Information Start Marker

lemma step_potential_le:
  assumes I: "only_x_breeds N x s"
  shows "(\<integral>\<^sup>+s'. potential s' \<partial>step N M a b x s) \<le> potential s"
proof -
  obtain \<xi> H c where s: "s = (\<xi>, H, c)" by (cases s)
  show ?thesis
  proof (cases "\<not> c \<and> finite (active N M a b \<xi>) \<and> total_rate N M a b \<xi> > 0")
    case True
    with I s have I': "only_x_breeds N x (\<xi>, H, False)" by simp
    let ?act = "active N M a b \<xi>" and ?R = "total_rate N M a b \<xi>"
    let ?p = "embed_pmf (\<lambda>t. rate N M a b \<xi> t / ?R)"
    have "(\<integral>\<^sup>+s'. potential s' \<partial>step N M a b x s)
        = (\<integral>\<^sup>+t. potential (upd x (\<xi>, H, False) t) \<partial>?p)"
      using True unfolding s step_def by simp
    also have "\<dots> = (\<Sum>t\<in>?act. ennreal (potential (upd x (\<xi>, H, False) t)) * pmf ?p t)"
      using True jump_distribution(2)[OF I'] by (intro nn_integral_measure_pmf_support) auto
    also have "\<dots> = ennreal (\<Sum>t\<in>?act. rate N M a b \<xi> t * potential (upd x (\<xi>, H, False) t) / ?R)"
      using True jump_distribution(1)[OF I'] rate_nonneg[OF I'] potential_nonneg
      by (simp add: sum_ennreal ennreal_mult[symmetric] mult.commute)
    also have "\<dots> \<le> potential s"
      using potential_drift_nonpos[OF I'] True s
      by (intro ennreal_leI) (auto simp: sum_divide_distrib[symmetric] pos_divide_le_eq mult.commute)
    finally show ?thesis .
  next
    case False
    then have "c \<or> step N M a b x s = return_pmf s" unfolding s step_def by auto
    moreover have "(\<integral>\<^sup>+s'. potential s' \<partial>step N M a b x s) = 1" if c
    proof -
      have "potential s' = 1" if "s' \<in> set_pmf (step N M a b x s)" for s'
        using collision_step[OF _ that] \<open>c\<close> s by (cases s') (simp add: potential_def)
      then have "(\<integral>\<^sup>+s'. potential s' \<partial>step N M a b x s) = (\<integral>\<^sup>+s'. 1 \<partial>step N M a b x s)"
        by (intro nn_integral_cong_AE) (simp add: AE_measure_pmf_iff)
      then show ?thesis by simp
    qed
    ultimately show ?thesis using s by (auto simp: potential_def)
  qed
qed

lemma chain_potential_le:
  assumes "only_x_breeds N x s0"
  shows "(\<integral>\<^sup>+s. potential s \<partial>chain N M a b x n s0) \<le> potential s0"
proof (induction n)
  case (Suc n)
  have "(\<integral>\<^sup>+s. potential s \<partial>chain N M a b x (Suc n) s0)
      = (\<integral>\<^sup>+s. (\<integral>\<^sup>+s'. potential s' \<partial>step N M a b x s) \<partial>chain N M a b x n s0)"
    by (simp add: nn_integral_bind_pmf)
  also have "\<dots> \<le> (\<integral>\<^sup>+s. potential s \<partial>chain N M a b x n s0)"
    using step_potential_le chain_preserves_only_x_breeds[OF assms]
    by (intro nn_integral_mono_AE) (simp add: AE_measure_pmf_iff)
  finally show ?case using Suc.IH by simp
qed simp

Information End Marker

### [What is needed]
Tally, in the data above, the lines where the word "commute" occurs, and give the figure alone.

### [Solution to this exercise]
2